The problem: Reproduce exactly, and only, the lines below from the one containing "using Suc.hyps(2) by auto" through the one containing "define v where".

Collected data entries
§ §
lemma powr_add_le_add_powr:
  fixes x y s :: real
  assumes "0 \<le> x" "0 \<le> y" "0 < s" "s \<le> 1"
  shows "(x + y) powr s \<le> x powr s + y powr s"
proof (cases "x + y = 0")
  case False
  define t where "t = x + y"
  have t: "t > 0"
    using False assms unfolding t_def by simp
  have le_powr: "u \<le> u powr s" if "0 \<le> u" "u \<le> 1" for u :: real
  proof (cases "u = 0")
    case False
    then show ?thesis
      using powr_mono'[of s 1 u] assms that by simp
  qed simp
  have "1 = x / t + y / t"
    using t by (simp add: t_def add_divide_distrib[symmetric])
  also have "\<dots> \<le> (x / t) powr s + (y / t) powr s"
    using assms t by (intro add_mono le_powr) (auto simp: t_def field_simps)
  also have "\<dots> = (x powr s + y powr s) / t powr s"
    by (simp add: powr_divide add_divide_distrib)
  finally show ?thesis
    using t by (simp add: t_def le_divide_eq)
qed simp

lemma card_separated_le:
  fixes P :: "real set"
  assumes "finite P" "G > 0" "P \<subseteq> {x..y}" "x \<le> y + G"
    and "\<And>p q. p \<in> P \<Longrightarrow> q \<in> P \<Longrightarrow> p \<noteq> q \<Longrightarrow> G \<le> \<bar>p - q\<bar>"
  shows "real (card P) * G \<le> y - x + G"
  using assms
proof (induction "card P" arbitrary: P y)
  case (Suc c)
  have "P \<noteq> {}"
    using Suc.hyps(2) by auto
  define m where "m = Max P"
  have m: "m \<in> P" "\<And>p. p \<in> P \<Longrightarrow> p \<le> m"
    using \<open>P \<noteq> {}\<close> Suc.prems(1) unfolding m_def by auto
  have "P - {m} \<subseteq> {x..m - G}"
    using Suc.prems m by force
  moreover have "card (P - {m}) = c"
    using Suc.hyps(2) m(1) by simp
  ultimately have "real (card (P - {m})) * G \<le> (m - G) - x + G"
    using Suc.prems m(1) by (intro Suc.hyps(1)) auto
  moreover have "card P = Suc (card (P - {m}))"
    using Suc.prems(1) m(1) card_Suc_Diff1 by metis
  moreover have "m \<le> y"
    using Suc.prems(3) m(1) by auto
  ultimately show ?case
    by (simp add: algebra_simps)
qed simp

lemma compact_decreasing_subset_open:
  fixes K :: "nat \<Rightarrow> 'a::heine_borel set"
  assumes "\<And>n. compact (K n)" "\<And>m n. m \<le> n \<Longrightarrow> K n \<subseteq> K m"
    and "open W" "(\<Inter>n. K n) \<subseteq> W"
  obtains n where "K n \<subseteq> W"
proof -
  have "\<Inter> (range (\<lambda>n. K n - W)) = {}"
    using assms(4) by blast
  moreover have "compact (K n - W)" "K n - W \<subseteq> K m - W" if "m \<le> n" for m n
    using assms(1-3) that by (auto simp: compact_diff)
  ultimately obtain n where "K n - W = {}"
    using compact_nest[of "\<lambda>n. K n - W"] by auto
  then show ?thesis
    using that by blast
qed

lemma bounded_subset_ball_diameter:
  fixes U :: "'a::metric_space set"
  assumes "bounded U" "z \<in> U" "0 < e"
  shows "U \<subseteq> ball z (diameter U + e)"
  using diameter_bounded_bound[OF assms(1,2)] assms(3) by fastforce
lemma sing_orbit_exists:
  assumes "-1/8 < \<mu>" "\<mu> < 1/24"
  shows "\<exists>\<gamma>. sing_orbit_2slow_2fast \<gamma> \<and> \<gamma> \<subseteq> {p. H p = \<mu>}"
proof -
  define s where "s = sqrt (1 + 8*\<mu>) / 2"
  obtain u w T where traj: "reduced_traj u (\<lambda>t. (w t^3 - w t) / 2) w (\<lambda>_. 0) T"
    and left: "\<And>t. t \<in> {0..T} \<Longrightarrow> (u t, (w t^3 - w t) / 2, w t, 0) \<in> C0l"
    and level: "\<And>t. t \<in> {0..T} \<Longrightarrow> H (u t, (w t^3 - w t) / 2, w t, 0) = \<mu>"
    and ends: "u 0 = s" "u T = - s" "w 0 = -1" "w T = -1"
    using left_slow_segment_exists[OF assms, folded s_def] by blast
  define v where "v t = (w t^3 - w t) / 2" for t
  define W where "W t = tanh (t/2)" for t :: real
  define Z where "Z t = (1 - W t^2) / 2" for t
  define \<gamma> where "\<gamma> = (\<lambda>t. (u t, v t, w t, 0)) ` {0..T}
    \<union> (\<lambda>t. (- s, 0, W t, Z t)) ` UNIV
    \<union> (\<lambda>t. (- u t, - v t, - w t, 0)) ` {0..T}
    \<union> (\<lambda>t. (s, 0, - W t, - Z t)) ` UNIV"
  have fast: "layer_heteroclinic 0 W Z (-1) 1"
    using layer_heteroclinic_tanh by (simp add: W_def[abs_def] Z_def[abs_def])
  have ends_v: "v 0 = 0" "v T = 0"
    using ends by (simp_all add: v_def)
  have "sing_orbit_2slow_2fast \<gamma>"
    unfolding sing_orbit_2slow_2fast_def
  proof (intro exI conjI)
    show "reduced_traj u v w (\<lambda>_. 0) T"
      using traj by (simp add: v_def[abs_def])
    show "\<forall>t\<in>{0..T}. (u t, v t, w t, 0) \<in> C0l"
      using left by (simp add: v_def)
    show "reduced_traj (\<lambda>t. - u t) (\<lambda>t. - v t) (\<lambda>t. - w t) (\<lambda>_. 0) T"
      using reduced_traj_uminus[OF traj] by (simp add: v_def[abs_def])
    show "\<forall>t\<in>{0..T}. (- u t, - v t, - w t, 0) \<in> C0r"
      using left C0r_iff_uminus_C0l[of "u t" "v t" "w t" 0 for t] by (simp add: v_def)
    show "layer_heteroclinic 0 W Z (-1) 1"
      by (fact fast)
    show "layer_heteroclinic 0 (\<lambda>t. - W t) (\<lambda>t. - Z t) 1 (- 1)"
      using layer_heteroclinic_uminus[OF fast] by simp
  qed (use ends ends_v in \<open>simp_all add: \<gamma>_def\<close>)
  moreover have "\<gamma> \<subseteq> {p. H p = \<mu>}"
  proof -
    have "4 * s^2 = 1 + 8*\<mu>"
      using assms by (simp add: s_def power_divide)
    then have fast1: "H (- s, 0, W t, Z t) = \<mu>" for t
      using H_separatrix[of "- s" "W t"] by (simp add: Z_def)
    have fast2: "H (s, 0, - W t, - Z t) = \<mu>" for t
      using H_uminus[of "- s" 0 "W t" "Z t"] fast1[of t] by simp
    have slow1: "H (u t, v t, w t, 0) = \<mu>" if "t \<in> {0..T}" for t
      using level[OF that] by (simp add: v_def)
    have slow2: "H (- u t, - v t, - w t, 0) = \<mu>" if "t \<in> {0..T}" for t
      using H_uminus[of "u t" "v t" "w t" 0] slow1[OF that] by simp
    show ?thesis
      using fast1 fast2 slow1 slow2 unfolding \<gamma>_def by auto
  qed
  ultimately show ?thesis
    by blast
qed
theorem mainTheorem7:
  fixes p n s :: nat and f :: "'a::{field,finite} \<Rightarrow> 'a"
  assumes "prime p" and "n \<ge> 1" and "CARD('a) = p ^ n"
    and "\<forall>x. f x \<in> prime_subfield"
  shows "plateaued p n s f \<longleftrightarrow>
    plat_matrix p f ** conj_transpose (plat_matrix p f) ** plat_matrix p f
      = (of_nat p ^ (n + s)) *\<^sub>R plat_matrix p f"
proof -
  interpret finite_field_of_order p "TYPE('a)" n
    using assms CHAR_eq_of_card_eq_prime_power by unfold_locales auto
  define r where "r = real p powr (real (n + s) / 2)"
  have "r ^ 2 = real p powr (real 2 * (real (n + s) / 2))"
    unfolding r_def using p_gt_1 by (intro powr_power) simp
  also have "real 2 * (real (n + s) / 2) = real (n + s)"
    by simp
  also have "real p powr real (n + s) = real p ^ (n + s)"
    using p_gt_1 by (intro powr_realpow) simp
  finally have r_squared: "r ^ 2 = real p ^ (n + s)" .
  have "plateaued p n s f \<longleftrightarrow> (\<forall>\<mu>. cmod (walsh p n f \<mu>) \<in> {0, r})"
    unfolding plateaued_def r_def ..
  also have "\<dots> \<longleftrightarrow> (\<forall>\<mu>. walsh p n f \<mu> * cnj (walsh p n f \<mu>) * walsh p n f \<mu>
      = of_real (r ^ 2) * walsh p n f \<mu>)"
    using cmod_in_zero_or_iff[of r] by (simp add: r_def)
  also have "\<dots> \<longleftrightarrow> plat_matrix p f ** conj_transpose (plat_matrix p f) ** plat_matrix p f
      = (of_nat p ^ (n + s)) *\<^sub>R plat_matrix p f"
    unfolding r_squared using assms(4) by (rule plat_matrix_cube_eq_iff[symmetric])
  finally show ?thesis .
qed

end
§ §
Solution:
    using Suc.hyps(2) by auto
  define m where "m = Max P"
  have m: "m \<in> P" "\<And>p. p \<in> P \<Longrightarrow> p \<le> m"
    using \<open>P \<noteq> {}\<close> Suc.prems(1) unfolding m_def by auto
  have "P - {m} \<subseteq> {x..m - G}"
    using Suc.prems m by force
  moreover have "card (P - {m}) = c"
    using Suc.hyps(2) m(1) by simp
  ultimately have "real (card (P - {m})) * G \<le> (m - G) - x + G"
    using Suc.prems m(1) by (intro Suc.hyps(1)) auto
  moreover have "card P = Suc (card (P - {m}))"
    using Suc.prems(1) m(1) card_Suc_Diff1 by metis
  moreover have "m \<le> y"
    using Suc.prems(3) m(1) by auto
  ultimately show ?case
    by (simp add: algebra_simps)
qed simp

lemma compact_decreasing_subset_open:
  fixes K :: "nat \<Rightarrow> 'a::heine_borel set"
  assumes "\<And>n. compact (K n)" "\<And>m n. m \<le> n \<Longrightarrow> K n \<subseteq> K m"
    and "open W" "(\<Inter>n. K n) \<subseteq> W"
  obtains n where "K n \<subseteq> W"
proof -
  have "\<Inter> (range (\<lambda>n. K n - W)) = {}"
    using assms(4) by blast
  moreover have "compact (K n - W)" "K n - W \<subseteq> K m - W" if "m \<le> n" for m n
    using assms(1-3) that by (auto simp: compact_diff)
  ultimately obtain n where "K n - W = {}"
    using compact_nest[of "\<lambda>n. K n - W"] by auto
  then show ?thesis
    using that by blast
qed

lemma bounded_subset_ball_diameter:
  fixes U :: "'a::metric_space set"
  assumes "bounded U" "z \<in> U" "0 < e"
  shows "U \<subseteq> ball z (diameter U + e)"
  using diameter_bounded_bound[OF assms(1,2)] assms(3) by fastforce
lemma sing_orbit_exists:
  assumes "-1/8 < \<mu>" "\<mu> < 1/24"
  shows "\<exists>\<gamma>. sing_orbit_2slow_2fast \<gamma> \<and> \<gamma> \<subseteq> {p. H p = \<mu>}"
proof -
  define s where "s = sqrt (1 + 8*\<mu>) / 2"
  obtain u w T where traj: "reduced_traj u (\<lambda>t. (w t^3 - w t) / 2) w (\<lambda>_. 0) T"
    and left: "\<And>t. t \<in> {0..T} \<Longrightarrow> (u t, (w t^3 - w t) / 2, w t, 0) \<in> C0l"
    and level: "\<And>t. t \<in> {0..T} \<Longrightarrow> H (u t, (w t^3 - w t) / 2, w t, 0) = \<mu>"
    and ends: "u 0 = s" "u T = - s" "w 0 = -1" "w T = -1"
    using left_slow_segment_exists[OF assms, folded s_def] by blast
  define v where "v t = (w t^3 - w t) / 2" for t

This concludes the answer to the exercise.